What you need to do — Below are entries. Copy exactly the lines running from the line that holds "unfolding N_arith(2) by" to the line that holds "N_ge_6 N_arith(3) br_chain_chain_shift[of", with both ends included.

[Data for this task]

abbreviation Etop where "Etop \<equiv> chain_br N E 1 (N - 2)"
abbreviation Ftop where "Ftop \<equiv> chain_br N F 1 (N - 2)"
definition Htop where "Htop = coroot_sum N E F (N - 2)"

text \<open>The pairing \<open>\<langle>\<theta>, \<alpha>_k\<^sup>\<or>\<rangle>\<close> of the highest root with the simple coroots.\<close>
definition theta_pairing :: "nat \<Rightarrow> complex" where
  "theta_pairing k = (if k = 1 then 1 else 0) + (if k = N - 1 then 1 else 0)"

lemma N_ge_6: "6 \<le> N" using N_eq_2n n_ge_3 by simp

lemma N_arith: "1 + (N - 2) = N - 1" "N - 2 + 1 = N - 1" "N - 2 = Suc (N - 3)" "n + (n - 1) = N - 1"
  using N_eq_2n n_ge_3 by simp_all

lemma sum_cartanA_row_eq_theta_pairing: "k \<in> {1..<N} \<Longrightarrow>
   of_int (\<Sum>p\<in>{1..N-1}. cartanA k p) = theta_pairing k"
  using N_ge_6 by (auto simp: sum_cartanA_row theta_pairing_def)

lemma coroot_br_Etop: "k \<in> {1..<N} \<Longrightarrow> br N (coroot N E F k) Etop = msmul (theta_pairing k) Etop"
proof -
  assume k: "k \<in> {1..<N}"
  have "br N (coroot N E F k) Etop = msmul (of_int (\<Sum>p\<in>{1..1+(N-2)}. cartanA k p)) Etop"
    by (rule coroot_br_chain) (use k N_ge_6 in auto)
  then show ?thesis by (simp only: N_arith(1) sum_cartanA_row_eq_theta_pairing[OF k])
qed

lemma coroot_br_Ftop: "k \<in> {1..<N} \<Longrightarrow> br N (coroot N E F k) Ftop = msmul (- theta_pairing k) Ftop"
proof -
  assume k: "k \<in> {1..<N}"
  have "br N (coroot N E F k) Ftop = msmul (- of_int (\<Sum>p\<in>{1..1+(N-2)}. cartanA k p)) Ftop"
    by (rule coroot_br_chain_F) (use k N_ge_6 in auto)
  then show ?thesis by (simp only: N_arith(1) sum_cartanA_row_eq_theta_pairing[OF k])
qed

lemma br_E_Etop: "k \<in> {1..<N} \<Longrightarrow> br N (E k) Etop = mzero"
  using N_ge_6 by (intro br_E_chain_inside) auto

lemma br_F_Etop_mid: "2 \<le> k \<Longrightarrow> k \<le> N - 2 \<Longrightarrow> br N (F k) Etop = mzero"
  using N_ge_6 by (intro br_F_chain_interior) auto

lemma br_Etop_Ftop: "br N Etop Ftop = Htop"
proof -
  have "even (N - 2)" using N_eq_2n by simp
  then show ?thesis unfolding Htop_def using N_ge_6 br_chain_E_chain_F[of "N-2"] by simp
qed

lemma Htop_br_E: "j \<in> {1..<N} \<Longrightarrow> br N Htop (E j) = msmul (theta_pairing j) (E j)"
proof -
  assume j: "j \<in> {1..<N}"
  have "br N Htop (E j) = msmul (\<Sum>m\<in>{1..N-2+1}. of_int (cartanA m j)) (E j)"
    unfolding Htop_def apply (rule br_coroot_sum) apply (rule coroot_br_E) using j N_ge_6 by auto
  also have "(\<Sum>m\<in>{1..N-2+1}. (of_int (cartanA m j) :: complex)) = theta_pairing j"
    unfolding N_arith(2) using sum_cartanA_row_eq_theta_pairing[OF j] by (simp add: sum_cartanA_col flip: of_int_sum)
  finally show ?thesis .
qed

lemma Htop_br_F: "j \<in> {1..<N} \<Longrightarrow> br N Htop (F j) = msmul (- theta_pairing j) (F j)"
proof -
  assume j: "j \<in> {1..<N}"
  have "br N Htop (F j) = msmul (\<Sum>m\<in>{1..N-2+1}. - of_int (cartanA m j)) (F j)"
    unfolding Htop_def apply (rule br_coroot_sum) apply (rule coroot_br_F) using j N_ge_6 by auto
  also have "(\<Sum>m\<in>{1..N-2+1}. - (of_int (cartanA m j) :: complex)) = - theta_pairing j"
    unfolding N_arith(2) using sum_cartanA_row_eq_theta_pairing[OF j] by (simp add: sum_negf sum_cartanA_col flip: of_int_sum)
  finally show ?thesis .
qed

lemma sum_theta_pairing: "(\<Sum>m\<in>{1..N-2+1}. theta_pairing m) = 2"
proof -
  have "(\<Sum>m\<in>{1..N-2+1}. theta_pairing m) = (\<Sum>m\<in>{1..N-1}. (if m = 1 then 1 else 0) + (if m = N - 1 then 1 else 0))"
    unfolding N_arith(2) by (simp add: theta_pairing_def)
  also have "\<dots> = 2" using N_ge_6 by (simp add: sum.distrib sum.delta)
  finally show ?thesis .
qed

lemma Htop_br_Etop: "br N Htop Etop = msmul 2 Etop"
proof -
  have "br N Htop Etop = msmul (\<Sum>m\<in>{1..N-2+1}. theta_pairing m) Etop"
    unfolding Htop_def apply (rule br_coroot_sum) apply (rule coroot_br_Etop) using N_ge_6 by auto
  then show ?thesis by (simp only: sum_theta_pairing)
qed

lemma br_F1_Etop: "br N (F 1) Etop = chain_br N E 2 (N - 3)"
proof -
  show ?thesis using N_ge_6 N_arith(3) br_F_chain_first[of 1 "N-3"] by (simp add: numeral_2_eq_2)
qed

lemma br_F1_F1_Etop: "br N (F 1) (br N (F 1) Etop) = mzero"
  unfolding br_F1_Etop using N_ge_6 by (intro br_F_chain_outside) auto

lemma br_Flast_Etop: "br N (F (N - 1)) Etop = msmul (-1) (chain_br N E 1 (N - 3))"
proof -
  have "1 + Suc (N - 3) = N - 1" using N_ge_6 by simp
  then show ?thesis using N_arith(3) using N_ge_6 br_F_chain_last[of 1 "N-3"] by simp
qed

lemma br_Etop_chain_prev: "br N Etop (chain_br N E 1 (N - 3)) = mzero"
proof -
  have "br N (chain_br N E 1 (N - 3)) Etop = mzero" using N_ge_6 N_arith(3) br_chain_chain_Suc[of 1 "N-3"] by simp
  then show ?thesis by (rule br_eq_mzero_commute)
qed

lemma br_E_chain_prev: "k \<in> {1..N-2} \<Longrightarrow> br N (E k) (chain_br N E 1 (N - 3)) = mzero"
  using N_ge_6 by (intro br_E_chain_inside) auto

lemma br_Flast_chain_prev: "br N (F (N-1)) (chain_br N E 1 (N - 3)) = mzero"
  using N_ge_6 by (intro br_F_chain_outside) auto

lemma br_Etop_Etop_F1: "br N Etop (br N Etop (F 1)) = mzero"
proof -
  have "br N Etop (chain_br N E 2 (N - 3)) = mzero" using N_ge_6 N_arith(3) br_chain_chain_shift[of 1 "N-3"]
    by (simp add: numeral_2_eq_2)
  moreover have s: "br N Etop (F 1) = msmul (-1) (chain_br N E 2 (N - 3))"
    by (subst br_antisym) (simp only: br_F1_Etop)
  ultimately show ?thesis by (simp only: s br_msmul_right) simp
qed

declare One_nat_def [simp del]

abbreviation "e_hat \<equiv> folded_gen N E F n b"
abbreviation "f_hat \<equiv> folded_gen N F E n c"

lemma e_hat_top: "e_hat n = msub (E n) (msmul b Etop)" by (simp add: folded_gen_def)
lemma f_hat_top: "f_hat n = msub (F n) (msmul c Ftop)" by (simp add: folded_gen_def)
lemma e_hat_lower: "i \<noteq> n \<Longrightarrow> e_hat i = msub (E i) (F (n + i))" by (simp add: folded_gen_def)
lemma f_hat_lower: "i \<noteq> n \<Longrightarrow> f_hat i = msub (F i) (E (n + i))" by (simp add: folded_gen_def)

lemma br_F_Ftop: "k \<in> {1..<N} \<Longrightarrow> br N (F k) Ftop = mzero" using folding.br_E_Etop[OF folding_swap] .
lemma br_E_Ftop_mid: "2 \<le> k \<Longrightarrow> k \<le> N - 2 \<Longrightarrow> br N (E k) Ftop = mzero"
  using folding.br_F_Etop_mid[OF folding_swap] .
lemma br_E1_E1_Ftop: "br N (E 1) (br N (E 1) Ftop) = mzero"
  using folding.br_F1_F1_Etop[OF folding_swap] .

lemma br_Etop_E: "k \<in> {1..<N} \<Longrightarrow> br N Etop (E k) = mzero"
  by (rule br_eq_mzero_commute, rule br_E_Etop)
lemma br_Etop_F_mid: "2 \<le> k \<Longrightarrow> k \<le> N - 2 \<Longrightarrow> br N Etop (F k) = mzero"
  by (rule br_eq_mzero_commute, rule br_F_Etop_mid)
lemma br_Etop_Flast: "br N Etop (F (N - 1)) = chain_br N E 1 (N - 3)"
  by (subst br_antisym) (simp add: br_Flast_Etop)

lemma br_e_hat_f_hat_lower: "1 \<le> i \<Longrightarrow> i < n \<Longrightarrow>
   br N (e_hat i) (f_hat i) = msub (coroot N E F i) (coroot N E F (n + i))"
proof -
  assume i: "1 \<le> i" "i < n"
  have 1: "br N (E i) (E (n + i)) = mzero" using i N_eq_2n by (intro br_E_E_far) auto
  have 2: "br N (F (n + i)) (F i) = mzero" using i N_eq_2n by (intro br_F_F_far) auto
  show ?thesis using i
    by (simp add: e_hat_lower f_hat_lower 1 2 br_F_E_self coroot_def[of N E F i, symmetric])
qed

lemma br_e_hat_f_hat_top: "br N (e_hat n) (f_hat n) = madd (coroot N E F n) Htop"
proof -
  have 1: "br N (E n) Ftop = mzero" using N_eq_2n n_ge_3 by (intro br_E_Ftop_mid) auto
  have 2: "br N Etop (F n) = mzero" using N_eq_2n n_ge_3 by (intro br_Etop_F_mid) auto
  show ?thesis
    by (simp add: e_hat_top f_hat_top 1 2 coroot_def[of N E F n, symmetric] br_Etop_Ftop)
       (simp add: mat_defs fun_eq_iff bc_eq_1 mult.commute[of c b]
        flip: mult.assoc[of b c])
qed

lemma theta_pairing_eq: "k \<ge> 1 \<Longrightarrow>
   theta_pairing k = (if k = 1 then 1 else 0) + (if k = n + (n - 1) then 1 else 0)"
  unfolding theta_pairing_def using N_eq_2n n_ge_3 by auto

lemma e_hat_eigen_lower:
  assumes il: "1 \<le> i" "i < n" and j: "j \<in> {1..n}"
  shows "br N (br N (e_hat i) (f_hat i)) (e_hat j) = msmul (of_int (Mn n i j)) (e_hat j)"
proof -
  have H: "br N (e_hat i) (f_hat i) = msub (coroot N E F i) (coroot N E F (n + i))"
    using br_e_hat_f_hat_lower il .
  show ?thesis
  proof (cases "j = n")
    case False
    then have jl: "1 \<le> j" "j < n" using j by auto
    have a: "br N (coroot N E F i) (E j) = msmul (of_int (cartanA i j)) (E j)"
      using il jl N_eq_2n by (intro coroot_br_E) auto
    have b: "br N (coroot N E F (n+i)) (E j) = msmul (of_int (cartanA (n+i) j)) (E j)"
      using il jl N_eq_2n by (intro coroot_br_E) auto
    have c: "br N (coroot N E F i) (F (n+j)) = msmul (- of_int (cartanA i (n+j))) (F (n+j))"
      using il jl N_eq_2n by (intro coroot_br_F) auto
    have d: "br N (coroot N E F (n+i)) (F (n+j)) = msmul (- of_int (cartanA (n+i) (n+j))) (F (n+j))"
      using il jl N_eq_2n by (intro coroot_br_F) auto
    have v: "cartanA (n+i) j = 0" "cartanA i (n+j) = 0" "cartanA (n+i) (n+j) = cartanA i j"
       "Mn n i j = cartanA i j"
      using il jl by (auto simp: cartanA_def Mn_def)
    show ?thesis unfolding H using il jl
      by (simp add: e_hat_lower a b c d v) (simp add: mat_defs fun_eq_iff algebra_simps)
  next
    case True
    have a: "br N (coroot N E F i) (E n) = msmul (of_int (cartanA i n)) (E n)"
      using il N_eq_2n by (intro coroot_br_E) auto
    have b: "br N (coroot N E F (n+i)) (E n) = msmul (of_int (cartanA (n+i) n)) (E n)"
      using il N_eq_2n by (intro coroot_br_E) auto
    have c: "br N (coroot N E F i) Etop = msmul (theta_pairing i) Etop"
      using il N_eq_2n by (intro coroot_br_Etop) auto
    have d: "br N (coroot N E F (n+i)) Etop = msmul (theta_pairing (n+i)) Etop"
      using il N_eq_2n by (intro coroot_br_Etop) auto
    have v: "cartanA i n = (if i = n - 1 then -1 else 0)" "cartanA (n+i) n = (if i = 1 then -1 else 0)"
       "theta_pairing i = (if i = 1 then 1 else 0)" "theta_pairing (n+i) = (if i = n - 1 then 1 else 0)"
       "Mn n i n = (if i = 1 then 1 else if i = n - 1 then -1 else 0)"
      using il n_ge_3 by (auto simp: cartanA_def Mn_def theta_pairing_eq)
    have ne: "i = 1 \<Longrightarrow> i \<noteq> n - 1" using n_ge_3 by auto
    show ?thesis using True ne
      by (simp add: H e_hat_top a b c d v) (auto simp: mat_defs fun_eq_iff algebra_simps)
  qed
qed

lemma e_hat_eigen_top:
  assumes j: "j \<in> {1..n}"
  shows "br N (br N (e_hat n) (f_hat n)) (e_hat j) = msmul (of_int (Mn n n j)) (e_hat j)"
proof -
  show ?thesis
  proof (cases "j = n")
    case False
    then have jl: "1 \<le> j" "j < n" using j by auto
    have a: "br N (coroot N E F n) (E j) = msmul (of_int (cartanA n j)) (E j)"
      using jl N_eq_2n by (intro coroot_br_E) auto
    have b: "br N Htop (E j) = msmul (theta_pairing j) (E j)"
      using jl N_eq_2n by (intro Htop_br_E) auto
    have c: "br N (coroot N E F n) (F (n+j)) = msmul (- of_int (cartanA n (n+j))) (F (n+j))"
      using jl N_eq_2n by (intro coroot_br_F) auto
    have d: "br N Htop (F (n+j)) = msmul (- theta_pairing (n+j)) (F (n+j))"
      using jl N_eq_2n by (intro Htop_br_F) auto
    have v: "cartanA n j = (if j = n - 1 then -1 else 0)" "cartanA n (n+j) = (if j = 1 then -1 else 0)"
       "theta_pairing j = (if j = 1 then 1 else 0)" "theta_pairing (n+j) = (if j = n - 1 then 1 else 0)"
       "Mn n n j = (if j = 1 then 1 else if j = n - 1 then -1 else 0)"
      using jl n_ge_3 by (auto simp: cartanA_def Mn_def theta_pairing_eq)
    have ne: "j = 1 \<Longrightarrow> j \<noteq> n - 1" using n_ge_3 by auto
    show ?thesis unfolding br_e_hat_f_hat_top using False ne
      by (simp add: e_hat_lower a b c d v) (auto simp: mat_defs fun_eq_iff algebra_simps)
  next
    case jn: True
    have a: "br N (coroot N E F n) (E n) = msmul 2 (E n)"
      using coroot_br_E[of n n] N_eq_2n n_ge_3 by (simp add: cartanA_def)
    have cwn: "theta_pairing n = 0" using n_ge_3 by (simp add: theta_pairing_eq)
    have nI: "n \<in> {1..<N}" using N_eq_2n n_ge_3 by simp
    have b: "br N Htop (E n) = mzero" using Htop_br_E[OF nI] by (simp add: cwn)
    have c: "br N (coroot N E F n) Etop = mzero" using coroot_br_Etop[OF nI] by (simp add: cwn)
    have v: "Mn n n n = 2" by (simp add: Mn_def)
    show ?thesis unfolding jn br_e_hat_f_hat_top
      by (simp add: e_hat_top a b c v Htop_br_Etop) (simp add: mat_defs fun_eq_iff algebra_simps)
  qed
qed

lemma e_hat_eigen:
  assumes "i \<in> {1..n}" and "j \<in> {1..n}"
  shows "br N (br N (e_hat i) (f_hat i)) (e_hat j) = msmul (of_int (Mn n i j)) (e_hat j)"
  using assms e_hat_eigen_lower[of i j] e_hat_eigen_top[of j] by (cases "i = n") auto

[/Data for this task]

Output of the exercise —
    unfolding N_arith(2) by (simp add: theta_pairing_def)
  also have "\<dots> = 2" using N_ge_6 by (simp add: sum.distrib sum.delta)
  finally show ?thesis .
qed

lemma Htop_br_Etop: "br N Htop Etop = msmul 2 Etop"
proof -
  have "br N Htop Etop = msmul (\<Sum>m\<in>{1..N-2+1}. theta_pairing m) Etop"
    unfolding Htop_def apply (rule br_coroot_sum) apply (rule coroot_br_Etop) using N_ge_6 by auto
  then show ?thesis by (simp only: sum_theta_pairing)
qed

lemma br_F1_Etop: "br N (F 1) Etop = chain_br N E 2 (N - 3)"
proof -
  show ?thesis using N_ge_6 N_arith(3) br_F_chain_first[of 1 "N-3"] by (simp add: numeral_2_eq_2)
qed

lemma br_F1_F1_Etop: "br N (F 1) (br N (F 1) Etop) = mzero"
  unfolding br_F1_Etop using N_ge_6 by (intro br_F_chain_outside) auto

lemma br_Flast_Etop: "br N (F (N - 1)) Etop = msmul (-1) (chain_br N E 1 (N - 3))"
proof -
  have "1 + Suc (N - 3) = N - 1" using N_ge_6 by simp
  then show ?thesis using N_arith(3) using N_ge_6 br_F_chain_last[of 1 "N-3"] by simp
qed

lemma br_Etop_chain_prev: "br N Etop (chain_br N E 1 (N - 3)) = mzero"
proof -
  have "br N (chain_br N E 1 (N - 3)) Etop = mzero" using N_ge_6 N_arith(3) br_chain_chain_Suc[of 1 "N-3"] by simp
  then show ?thesis by (rule br_eq_mzero_commute)
qed

lemma br_E_chain_prev: "k \<in> {1..N-2} \<Longrightarrow> br N (E k) (chain_br N E 1 (N - 3)) = mzero"
  using N_ge_6 by (intro br_E_chain_inside) auto

lemma br_Flast_chain_prev: "br N (F (N-1)) (chain_br N E 1 (N - 3)) = mzero"
  using N_ge_6 by (intro br_F_chain_outside) auto

lemma br_Etop_Etop_F1: "br N Etop (br N Etop (F 1)) = mzero"
proof -
  have "br N Etop (chain_br N E 2 (N - 3)) = mzero" using N_ge_6 N_arith(3) br_chain_chain_shift[of 1 "N-3"]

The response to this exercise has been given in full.